CUDA (running on RTX-4080)

model	backend	ngl	threads	type_k	test	t/s
llama 7B Q4_K - Small	CUDA	100	1	f16	tg 128	127.57 ± 0.59
llama 7B Q4_K - Small	CUDA	100	1	q8_0	tg 128	76.93 ± 0.26
llama 7B Q4_K - Small	CUDA	100	1	q5_1	tg 128	76.66 ± 0.00
llama 7B Q4_K - Small	CUDA	100	1	q5_0	tg 128	76.77 ± 0.02
llama 7B Q4_K - Small	CUDA	100	1	q4_1	tg 128	77.35 ± 0.01
llama 7B Q4_K - Small	CUDA	100	1	iq4_nl	tg 128	75.07 ± 0.36
llama 7B Q4_K - Small	CUDA	100	1	q4_0	tg 128	76.86 ± 0.00
llama 7B Q4_K - Small	CUDA	100	1	f16	pp 512	5675.11 ± 10.20
llama 7B Q4_K - Small	CUDA	100	1	q8_0	pp 512	5209.73 ± 4.39
llama 7B Q4_K - Small	CUDA	100	1	q5_1	pp 512	5203.32 ± 6.13
llama 7B Q4_K - Small	CUDA	100	1	q5_0	pp 512	5200.40 ± 4.07
llama 7B Q4_K - Small	CUDA	100	1	q4_1	pp 512	5197.36 ± 3.78
llama 7B Q4_K - Small	CUDA	100	1	iq4_nl	pp 512	4727.66 ± 0.86
llama 7B Q4_K - Small	CUDA	100	1	q4_0	pp 512	5199.24 ± 1.48

Metal (running on 30-core M2 Max GPU)

model	backend	ngl	threads	type_k	test	t/s
llama 7B Q4_K - Small	Metal	100	4	f16	tg 128	54.13 ± 0.19
llama 7B Q4_K - Small	Metal	100	4	q8_0	tg 128	53.05 ± 0.20
llama 7B Q4_K - Small	Metal	100	4	q5_1	tg 128	52.96 ± 0.10
llama 7B Q4_K - Small	Metal	100	4	q5_0	tg 128	53.24 ± 0.05
llama 7B Q4_K - Small	Metal	100	4	q4_1	tg 128	53.45 ± 0.07
llama 7B Q4_K - Small	Metal	100	4	iq4_nl	tg 128	51.53 ± 0.08
llama 7B Q4_K - Small	Metal	100	4	q4_0	tg 128	53.41 ± 0.11
llama 7B Q4_K - Small	Metal	100	4	f16	pp 512	474.85 ± 3.24
llama 7B Q4_K - Small	Metal	100	4	q8_0	pp 512	474.59 ± 3.27
llama 7B Q4_K - Small	Metal	100	4	q5_1	pp 512	473.34 ± 3.52
llama 7B Q4_K - Small	Metal	100	4	q5_0	pp 512	472.48 ± 3.57
llama 7B Q4_K - Small	Metal	100	4	q4_1	pp 512	475.29 ± 2.37
llama 7B Q4_K - Small	Metal	100	4	iq4_nl	pp 512	468.29 ± 3.38
llama 7B Q4_K - Small	Metal	100	4	q4_0	pp 512	475.45 ± 2.10

The IQ4_NL quantization used for quantizing the K cache is simpler than IQ4_NL used for weight quantization to keep the performance drop acceptable.

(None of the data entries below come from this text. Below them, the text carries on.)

lemma spe_strategy_approx_outcomes:
  assumes g: "history g" and \<tau>: "is_strategy V own E i \<tau>"
  obtains D where "t < D"
    and "\<And>k. k \<le> t \<Longrightarrow> outcome_after own (\<lambda>i. spe_strategy) g k = outcome_after own (\<lambda>i. bi_strategy D) g k"
    and "\<And>k. k \<le> t \<Longrightarrow> outcome_after own ((\<lambda>i. spe_strategy)(i := \<tau>)) g k
      = outcome_after own ((\<lambda>i. bi_strategy D)(i := \<tau>)) g k"
proof -
  define M where "M = max (Suc t) (length g)"
  obtain D where "D \<ge> M" and D: "\<And>h. history h \<Longrightarrow> length h \<le> M \<Longrightarrow> bi_strategy D h = spe_strategy h"
    using spe_strategy_approx by blast
  have agree: "outcome_after own \<sigma> g k = outcome_after own \<sigma>' g k"
    if "legal \<sigma>" "\<And>h. history h \<Longrightarrow> length h < M \<Longrightarrow> \<sigma> (own (last h)) h = \<sigma>' (own (last h)) h" "k \<le> t"
    for \<sigma> \<sigma>' k
    using outcome_after_agree[where M = M and \<sigma>' = \<sigma>', OF edges that(1) g that(2)] that(3) unfolding M_def by simp
  show ?thesis
  proof (rule that)
    show "t < D"
      using \<open>D \<ge> M\<close> by (simp add: M_def)
    show "outcome_after own (\<lambda>i. spe_strategy) g k = outcome_after own (\<lambda>i. bi_strategy D) g k" if "k \<le> t" for k
      using D by (intro agree[OF legal_spe_strategy _ that]) simp
    show "outcome_after own ((\<lambda>i. spe_strategy)(i := \<tau>)) g k = outcome_after own ((\<lambda>i. bi_strategy D)(i := \<tau>)) g k"
      if "k \<le> t" for k
      using D by (intro agree[OF legal_profile_update[OF legal_spe_strategy \<tau>] _ that]) simp
  qed
qed

theorem spe_strategy_NE:
  assumes g: "history g" and \<tau>: "is_strategy V own E i \<tau>"
  shows "cost (T i) (outcome_after own (\<lambda>i. spe_strategy) g)
    \<le> cost (T i) (outcome_after own ((\<lambda>i. spe_strategy)(i := \<tau>)) g)"
proof (cases "cost (T i) (outcome_after own ((\<lambda>i. spe_strategy)(i := \<tau>)) g)")
  case (enat t)
  let ?s = "\<lambda>i. spe_strategy" and ?s' = "(\<lambda>i. spe_strategy)(i := \<tau>)"
  obtain D where "t < D"
    and same: "\<And>k. k \<le> t \<Longrightarrow> outcome_after own ?s g k = outcome_after own (\<lambda>i. bi_strategy D) g k"
    and same': "\<And>k. k \<le> t \<Longrightarrow> outcome_after own ?s' g k = outcome_after own ((\<lambda>i. bi_strategy D)(i := \<tau>)) g k"
    using spe_strategy_approx_outcomes[OF g \<tau>] by blast
  have "cost (T i) (outcome_after own ((\<lambda>i. bi_strategy D)(i := \<tau>)) g) = enat t"
    using cost_eq_if_agree_upto[of t "outcome_after own ?s' g"] same' enat by simp
  then have "horizon_cost D (T i) (outcome_after own ((\<lambda>i. bi_strategy D)(i := \<tau>)) g) = enat t"
    using \<open>t < D\<close> by (simp add: horizon_cost_def)
  then have "horizon_cost D (T i) (outcome_after own (\<lambda>i. bi_strategy D) g) \<le> enat t"
    using bi_strategy_horizon_NE[OF g \<tau>, of D] by simp
  then have "cost (T i) (outcome_after own (\<lambda>i. bi_strategy D) g) \<le> enat t"
    unfolding horizon_cost_def by (auto split: if_splits)
  then have "cost (T i) (outcome_after own ?s g) \<le> enat t"
    using same unfolding cost_le_iff by auto
  then show ?thesis
    using enat by simp
qed simp

end

section \<open>Consistent plays\<close>

definition consistent_plays :: "'a set \<Rightarrow> ('a \<times> 'a) set \<Rightarrow> ('a \<Rightarrow> 'p) \<Rightarrow> ('p \<Rightarrow> 'a set)
    \<Rightarrow> ('a \<Rightarrow> enat) \<Rightarrow> 'a \<Rightarrow> (nat \<Rightarrow> 'a) set" where
  "consistent_plays V E own T lam u = {\<rho>. is_play V E \<rho> \<and> \<rho> 0 = u \<and>
     (\<forall>n. cost (T (own (\<rho> n))) (suffix_from n \<rho>) \<le> lam (\<rho> n))}"

lemma Lam_eq_consistent_plays:
  "Lam Pl V own E F lam u = consistent_plays (VertX V Pl) (EdgX Pl E F) (ownX own) (FX V Pl) lam u"
  unfolding Lam_def consistent_plays_def by simp

lemma consistent_plays_suffix_from:
  "\<rho> \<in> consistent_plays V E own T lam u \<Longrightarrow> suffix_from m \<rho> \<in> consistent_plays V E own T lam (\<rho> m)"
  unfolding consistent_plays_def is_play_def by (simp add: add.assoc)

lemma consistent_plays_cost_le:
  assumes "\<rho> \<in> consistent_plays V E own T lam u"
  shows "cost (T (own u)) \<rho> \<le> lam u"
proof -
  have "cost (T (own (\<rho> 0))) (suffix_from 0 \<rho>) \<le> lam (\<rho> 0)" "\<rho> 0 = u"
    using assms unfolding consistent_plays_def by blast+
  then show ?thesis by simp
qed

lemma consistent_plays_closed:
  assumes approx: "\<And>n. \<exists>\<rho>'\<in>consistent_plays V E own T lam u. \<forall>k\<le>n. \<rho>' k = \<rho> k"
  shows "\<rho> \<in> consistent_plays V E own T lam u"
proof -
  have "\<rho> k \<in> V \<and> (\<rho> k, \<rho> (Suc k)) \<in> E" for k
  proof -
    obtain \<rho>' where \<rho>': "\<rho>' \<in> consistent_plays V E own T lam u" "\<forall>j\<le>Suc k. \<rho>' j = \<rho> j"
      using approx by blast
    then have "\<rho>' k \<in> V \<and> (\<rho>' k, \<rho>' (Suc k)) \<in> E"
      unfolding consistent_plays_def is_play_def by blast
    moreover have "\<rho>' k = \<rho> k" "\<rho>' (Suc k) = \<rho> (Suc k)"
      using \<rho>'(2) by simp_all
    ultimately show ?thesis
      by simp
  qed
  moreover have "\<rho> 0 = u"
    using approx[of 0] unfolding consistent_plays_def by auto
  moreover have "cost (T (own (\<rho> m))) (suffix_from m \<rho>) \<le> lam (\<rho> m)" for m
  proof (cases "lam (\<rho> m)")
    case (enat c)
    obtain \<rho>' where \<rho>': "\<rho>' \<in> consistent_plays V E own T lam u" "\<forall>k\<le>m + c. \<rho>' k = \<rho> k"
      using approx by blast
    have "cost (T (own (\<rho>' m))) (suffix_from m \<rho>') \<le> lam (\<rho>' m)"
      using \<rho>'(1) unfolding consistent_plays_def by blast
    moreover have "\<rho>' m = \<rho> m"
      using \<rho>'(2) by simp
    ultimately have "cost (T (own (\<rho> m))) (suffix_from m \<rho>') \<le> enat c"
      using enat by simp
    then have "cost (T (own (\<rho> m))) (suffix_from m \<rho>) \<le> enat c"
      using \<rho>'(2) unfolding cost_le_iff by auto
    then show ?thesis
      using enat by simp
  qed simp
  ultimately show ?thesis
    unfolding consistent_plays_def is_play_def by blast
qed

context finite_reach_game
begin

abbreviation "cplays \<equiv> consistent_plays V E own T"

lemma consistent_plays_cost_infinity:
  assumes unbounded: "\<And>n. \<exists>\<rho>\<in>cplays lam u. enat n \<le> cost (T i) \<rho>"
  shows "\<exists>\<rho>\<in>cplays lam u. cost (T i) \<rho> = \<infinity>"
proof -
  define A where "A n = {\<rho>\<in>cplays lam u. enat n \<le> cost (T i) \<rho>}" for n
  have "\<exists>\<rho>. \<forall>n. adherent_on A {..n} \<rho>"
  proof (rule adherent_on_limit[where B = V])
    show "antimono A"
    proof (rule antimonoI)
      fix m n :: nat
      assume "m \<le> n"
      then have "enat m \<le> enat n" by simp
      then show "A n \<le> A m"
        unfolding A_def using order_trans by blast
    qed
    show "\<rho> k \<in> V" if "\<rho> \<in> A n" for n \<rho> k
      using that unfolding A_def consistent_plays_def is_play_def by blast
  qed (use unbounded in \<open>auto simp: A_def finite_V mono_def\<close>)
  then obtain \<rho> where adh: "\<And>n. adherent_on A {..n} \<rho>"
    by blast
  have \<rho>: "\<exists>\<rho>'\<in>A n. \<forall>k\<le>n. \<rho>' k = \<rho> k" for n
  proof -
    obtain \<rho>' where "\<rho>' \<in> A n" "\<forall>k\<in>{..n}. \<rho>' k = \<rho> k"
      using adh[of n] unfolding adherent_on_def by blast
    then show ?thesis by auto
  qed
  then have "\<rho> \<in> cplays lam u"
    unfolding A_def by (intro consistent_plays_closed) blast
  moreover have "\<rho> t \<notin> T i" for t
  proof
    assume "\<rho> t \<in> T i"
    obtain \<rho>' where "\<rho>' \<in> A (Suc t)" "\<forall>k\<le>Suc t. \<rho>' k = \<rho> k"
      using \<rho> by blast
    then have "cost (T i) \<rho>' \<le> enat t" "enat (Suc t) \<le> cost (T i) \<rho>'"
      using \<open>\<rho> t \<in> T i\<close> unfolding A_def cost_le_iff by auto
    then show False
      using order_trans[of "enat (Suc t)"] by fastforce
  qed
  ultimately show ?thesis
    unfolding cost_eq_infinity_iff by blast
qed

lemma SUP_cost_attained:
  assumes "cplays lam u \<noteq> {}"
  shows "\<exists>\<rho>\<in>cplays lam u. cost (T i) \<rho> = (SUP \<rho>\<in>cplays lam u. cost (T i) \<rho>)"
proof (cases "finite ((\<lambda>\<rho>. cost (T i) \<rho>) ` cplays lam u)")
  case True
  then have "Max ((\<lambda>\<rho>. cost (T i) \<rho>) ` cplays lam u) \<in> (\<lambda>\<rho>. cost (T i) \<rho>) ` cplays lam u"
    using assms by (intro Max_in) auto
  then obtain \<rho> where "\<rho> \<in> cplays lam u" "cost (T i) \<rho> = Max ((\<lambda>\<rho>. cost (T i) \<rho>) ` cplays lam u)"
    by (auto simp: image_iff)
  then show ?thesis
    using True assms unfolding Sup_enat_def by auto
next
  case False
  have "\<exists>\<rho>\<in>cplays lam u. enat n \<le> cost (T i) \<rho>" for n
  proof (rule ccontr)
    assume "\<not> ?thesis"
    then have "finite ((\<lambda>\<rho>. cost (T i) \<rho>) ` cplays lam u)"
      by (intro finite_enat_bounded[of _ n]) auto
    then show False
      using False by blast
  qed
  then show ?thesis
    using consistent_plays_cost_infinity False unfolding Sup_enat_def by auto
qed

end

locale persistent_reach_game = finite_reach_game +
  assumes persistent: "\<And>u w i. (u, w) \<in> E \<Longrightarrow> u \<in> T i \<Longrightarrow> w \<in> T i"
begin

lemma play_stays_in_target:
  assumes "is_play V E \<rho>" "a \<le> b" "\<rho> a \<in> T i"
  shows "\<rho> b \<in> T i"
  using assms(2)
proof (induction b rule: dec_induct)
  case (step b)
  then show ?case
    using assms(1) persistent unfolding is_play_def by blast
qed (use assms(3) in simp)

definition spe_play :: "'a list \<Rightarrow> nat \<Rightarrow> 'a" where
  "spe_play g = suffix_from (length g - 1) (outcome_after own (\<lambda>i. spe_strategy) g)"

lemma spe_play_0: "g \<noteq> [] \<Longrightarrow> spe_play g 0 = last g"
  unfolding spe_play_def using outcome_after_last[of g] by simp

lemma is_play_spe_play: "history g \<Longrightarrow> is_play V E (spe_play g)"
  using is_play_outcome_after[OF edges legal_spe_strategy] unfolding spe_play_def is_play_def by simp

lemma suffix_from_spe_play:
  "g \<noteq> [] \<Longrightarrow> suffix_from n (spe_play g) = spe_play (extend_hist own (\<lambda>i. spe_strategy) g n)"
  by (cases g) (auto simp: spe_play_def outcome_after_extend_hist)

text \<open>Targets are never left, so a history ending outside \<open>T j\<close> has not visited \<open>T j\<close>.\<close>
lemma cost_outcome_after:
  assumes "legal \<sigma>" "history g" "last g \<notin> T j"
  shows "cost (T j) (outcome_after own \<sigma> g)
    = enat (length g - 1) + cost (T j) (suffix_from (length g - 1) (outcome_after own \<sigma> g))"
proof (rule cost_suffix_from, intro allI impI notI)
  fix k
  assume "k < length g - 1" "outcome_after own \<sigma> g k \<in> T j"
  then have "outcome_after own \<sigma> g (length g - 1) \<in> T j"
    using play_stays_in_target[OF is_play_outcome_after[OF edges assms(1,2)], of k "length g - 1" j]
    by simp
  then show False
    using outcome_after_last[of g own \<sigma>] assms(2,3) by (simp add: is_history_def)
qed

So, in short, performance is OK-ish on Metal, where we need K-cache quantization less, but quite horrible on CUDA, where we need it more.

ggerganov · 2024-03-21T08:07:11Z

The IQ4_NL quantization used for quantizing the K cache is simpler than IQ4_NL used for weight quantization to keep the performance drop acceptable.

This makes the test-backend-ops fail because the results of the CPY operation between the CPU and GPU differ:

  CPY(type_src=f32,type_dst=iq4_nl,ne=[256,4,4,4]): [CPY] NMSE = 0.004881965 > 0.000000100 FAIL

@ikawrakow How much is the performance drop with the original implementation?

ikawrakow · 2024-03-21T08:15:46Z

How much is the performance drop with the original implementation?

On CUDA we go from 76 t/s to 50 t/s for TG-128. Haven't measured Metal.

I guess, if we want the CPU and GPU to be the same in the use case of CPY, it would be better to make a faster CPU version that is the same as CUDA/Metal. Do you agree?

ggerganov · 2024-03-21T08:20:18Z

Yes - it would be a new quantization type in order to not break backwards compatibility, correct?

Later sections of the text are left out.